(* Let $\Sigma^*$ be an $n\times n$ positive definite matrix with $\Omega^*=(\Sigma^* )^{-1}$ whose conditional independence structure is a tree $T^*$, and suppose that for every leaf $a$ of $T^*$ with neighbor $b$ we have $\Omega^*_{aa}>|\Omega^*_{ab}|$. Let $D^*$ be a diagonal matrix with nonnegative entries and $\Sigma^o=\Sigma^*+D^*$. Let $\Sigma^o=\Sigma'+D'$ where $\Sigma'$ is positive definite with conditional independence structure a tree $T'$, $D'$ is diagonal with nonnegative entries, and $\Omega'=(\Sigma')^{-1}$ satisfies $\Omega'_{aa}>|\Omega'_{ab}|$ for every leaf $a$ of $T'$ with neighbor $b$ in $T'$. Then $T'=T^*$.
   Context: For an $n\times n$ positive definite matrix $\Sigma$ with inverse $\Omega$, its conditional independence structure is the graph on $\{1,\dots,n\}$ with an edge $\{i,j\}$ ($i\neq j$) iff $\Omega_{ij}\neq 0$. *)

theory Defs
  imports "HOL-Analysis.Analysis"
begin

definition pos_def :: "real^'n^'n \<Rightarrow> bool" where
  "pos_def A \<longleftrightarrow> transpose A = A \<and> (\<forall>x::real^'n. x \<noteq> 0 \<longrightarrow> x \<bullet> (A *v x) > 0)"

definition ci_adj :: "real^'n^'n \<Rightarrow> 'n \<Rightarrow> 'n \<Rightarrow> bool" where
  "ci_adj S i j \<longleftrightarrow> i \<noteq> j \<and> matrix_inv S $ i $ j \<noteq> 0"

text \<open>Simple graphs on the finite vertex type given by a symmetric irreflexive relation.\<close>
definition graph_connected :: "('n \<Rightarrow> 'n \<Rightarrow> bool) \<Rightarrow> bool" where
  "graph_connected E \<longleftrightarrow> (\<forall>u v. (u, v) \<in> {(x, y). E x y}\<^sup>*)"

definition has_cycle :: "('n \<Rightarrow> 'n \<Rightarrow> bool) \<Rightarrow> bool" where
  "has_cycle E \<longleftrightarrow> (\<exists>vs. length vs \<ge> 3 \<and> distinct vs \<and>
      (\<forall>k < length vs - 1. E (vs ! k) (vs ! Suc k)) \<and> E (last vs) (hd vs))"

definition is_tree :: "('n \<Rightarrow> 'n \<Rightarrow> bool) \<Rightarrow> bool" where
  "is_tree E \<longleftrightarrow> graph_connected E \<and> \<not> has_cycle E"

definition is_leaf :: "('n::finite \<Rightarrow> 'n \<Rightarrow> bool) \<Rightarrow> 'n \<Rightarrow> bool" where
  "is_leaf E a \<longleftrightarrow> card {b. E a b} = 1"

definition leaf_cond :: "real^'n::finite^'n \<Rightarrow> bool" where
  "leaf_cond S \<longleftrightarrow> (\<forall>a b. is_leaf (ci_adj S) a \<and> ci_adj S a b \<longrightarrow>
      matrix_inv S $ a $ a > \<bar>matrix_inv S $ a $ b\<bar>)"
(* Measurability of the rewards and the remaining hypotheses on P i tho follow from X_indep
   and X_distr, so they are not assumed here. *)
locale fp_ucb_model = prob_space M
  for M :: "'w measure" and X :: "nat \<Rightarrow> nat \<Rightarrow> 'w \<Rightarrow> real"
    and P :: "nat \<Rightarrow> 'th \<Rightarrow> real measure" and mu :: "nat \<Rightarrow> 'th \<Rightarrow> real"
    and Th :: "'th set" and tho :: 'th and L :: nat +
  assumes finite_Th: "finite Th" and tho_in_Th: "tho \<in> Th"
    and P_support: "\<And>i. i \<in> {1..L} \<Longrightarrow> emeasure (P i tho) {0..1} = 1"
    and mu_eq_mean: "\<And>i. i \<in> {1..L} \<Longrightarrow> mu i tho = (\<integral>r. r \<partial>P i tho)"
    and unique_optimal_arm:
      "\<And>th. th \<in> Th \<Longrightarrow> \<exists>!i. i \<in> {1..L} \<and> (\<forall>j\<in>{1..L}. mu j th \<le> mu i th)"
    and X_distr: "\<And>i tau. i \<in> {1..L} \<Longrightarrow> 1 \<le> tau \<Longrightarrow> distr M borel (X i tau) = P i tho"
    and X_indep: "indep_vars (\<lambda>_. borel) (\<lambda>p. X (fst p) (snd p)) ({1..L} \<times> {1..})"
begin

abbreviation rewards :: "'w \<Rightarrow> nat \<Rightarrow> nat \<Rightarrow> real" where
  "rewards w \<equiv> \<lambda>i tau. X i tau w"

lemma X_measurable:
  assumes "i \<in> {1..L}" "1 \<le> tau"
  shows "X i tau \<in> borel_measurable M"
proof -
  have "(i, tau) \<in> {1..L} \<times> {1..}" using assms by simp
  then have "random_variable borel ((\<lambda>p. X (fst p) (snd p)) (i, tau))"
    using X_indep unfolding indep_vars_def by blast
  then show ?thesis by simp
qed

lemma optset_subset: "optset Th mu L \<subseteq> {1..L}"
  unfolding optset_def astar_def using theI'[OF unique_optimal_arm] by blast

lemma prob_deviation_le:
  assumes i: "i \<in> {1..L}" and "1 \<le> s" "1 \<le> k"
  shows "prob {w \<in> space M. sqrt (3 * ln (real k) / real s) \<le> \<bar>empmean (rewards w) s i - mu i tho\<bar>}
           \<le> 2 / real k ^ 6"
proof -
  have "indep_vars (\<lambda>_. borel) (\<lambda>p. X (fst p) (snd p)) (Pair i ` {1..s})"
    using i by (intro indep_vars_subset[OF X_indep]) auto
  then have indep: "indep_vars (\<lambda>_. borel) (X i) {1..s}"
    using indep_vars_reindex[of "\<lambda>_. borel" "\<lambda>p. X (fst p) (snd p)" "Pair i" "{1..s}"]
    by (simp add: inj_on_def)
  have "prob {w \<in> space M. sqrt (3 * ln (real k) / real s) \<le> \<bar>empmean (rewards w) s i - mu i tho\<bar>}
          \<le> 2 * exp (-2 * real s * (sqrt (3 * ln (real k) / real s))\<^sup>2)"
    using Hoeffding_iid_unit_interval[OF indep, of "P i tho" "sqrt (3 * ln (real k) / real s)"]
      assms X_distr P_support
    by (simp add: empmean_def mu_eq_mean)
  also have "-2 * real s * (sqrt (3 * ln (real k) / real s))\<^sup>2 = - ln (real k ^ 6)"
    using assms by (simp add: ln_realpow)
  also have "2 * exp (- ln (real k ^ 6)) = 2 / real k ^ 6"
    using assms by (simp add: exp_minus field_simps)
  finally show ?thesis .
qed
§
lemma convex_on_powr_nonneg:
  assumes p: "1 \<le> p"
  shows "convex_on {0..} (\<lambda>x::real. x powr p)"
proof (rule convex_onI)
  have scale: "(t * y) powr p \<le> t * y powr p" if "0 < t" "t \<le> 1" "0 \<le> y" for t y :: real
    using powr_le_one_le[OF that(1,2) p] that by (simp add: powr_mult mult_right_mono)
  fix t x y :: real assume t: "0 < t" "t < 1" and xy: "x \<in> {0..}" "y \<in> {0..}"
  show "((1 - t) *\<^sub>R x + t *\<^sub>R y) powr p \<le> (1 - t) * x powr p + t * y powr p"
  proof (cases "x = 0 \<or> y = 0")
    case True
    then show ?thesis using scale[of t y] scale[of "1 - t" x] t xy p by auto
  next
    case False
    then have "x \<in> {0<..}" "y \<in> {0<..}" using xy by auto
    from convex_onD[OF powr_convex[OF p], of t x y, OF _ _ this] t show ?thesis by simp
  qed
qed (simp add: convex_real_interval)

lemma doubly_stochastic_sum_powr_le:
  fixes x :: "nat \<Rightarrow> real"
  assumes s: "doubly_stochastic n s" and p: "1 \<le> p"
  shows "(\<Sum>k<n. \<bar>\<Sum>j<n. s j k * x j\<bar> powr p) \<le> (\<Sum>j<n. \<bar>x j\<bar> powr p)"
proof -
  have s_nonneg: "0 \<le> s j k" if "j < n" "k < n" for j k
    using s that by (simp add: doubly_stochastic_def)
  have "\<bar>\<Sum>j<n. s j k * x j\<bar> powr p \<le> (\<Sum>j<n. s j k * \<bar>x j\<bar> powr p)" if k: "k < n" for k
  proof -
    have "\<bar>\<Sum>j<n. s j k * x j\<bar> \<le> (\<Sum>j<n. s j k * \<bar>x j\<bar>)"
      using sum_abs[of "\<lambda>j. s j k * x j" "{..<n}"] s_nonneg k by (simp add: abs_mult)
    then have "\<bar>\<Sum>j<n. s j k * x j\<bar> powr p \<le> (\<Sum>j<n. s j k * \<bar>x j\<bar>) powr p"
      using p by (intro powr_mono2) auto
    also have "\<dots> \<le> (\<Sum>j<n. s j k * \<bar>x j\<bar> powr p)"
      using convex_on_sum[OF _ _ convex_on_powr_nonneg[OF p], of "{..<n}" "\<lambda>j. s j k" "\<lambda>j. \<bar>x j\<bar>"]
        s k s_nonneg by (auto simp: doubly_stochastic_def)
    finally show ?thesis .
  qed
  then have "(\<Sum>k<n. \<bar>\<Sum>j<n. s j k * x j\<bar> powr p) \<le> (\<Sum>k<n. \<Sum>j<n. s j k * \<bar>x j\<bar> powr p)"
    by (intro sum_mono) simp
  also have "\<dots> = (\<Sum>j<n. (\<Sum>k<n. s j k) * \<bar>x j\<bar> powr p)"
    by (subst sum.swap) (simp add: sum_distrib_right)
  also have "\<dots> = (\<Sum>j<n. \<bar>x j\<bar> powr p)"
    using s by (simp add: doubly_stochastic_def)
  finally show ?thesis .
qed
§
The task: Will you return exactly the lines above from the one with "distinct vs \<and>" down to the one with "emeasure (P i", counting both as part of the range?

Solved exercise:
  "has_cycle E \<longleftrightarrow> (\<exists>vs. length vs \<ge> 3 \<and> distinct vs \<and>
      (\<forall>k < length vs - 1. E (vs ! k) (vs ! Suc k)) \<and> E (last vs) (hd vs))"

definition is_tree :: "('n \<Rightarrow> 'n \<Rightarrow> bool) \<Rightarrow> bool" where
  "is_tree E \<longleftrightarrow> graph_connected E \<and> \<not> has_cycle E"

definition is_leaf :: "('n::finite \<Rightarrow> 'n \<Rightarrow> bool) \<Rightarrow> 'n \<Rightarrow> bool" where
  "is_leaf E a \<longleftrightarrow> card {b. E a b} = 1"

definition leaf_cond :: "real^'n::finite^'n \<Rightarrow> bool" where
  "leaf_cond S \<longleftrightarrow> (\<forall>a b. is_leaf (ci_adj S) a \<and> ci_adj S a b \<longrightarrow>
      matrix_inv S $ a $ a > \<bar>matrix_inv S $ a $ b\<bar>)"
(* Measurability of the rewards and the remaining hypotheses on P i tho follow from X_indep
   and X_distr, so they are not assumed here. *)
locale fp_ucb_model = prob_space M
  for M :: "'w measure" and X :: "nat \<Rightarrow> nat \<Rightarrow> 'w \<Rightarrow> real"
    and P :: "nat \<Rightarrow> 'th \<Rightarrow> real measure" and mu :: "nat \<Rightarrow> 'th \<Rightarrow> real"
    and Th :: "'th set" and tho :: 'th and L :: nat +
  assumes finite_Th: "finite Th" and tho_in_Th: "tho \<in> Th"
    and P_support: "\<And>i. i \<in> {1..L} \<Longrightarrow> emeasure (P i tho) {0..1} = 1"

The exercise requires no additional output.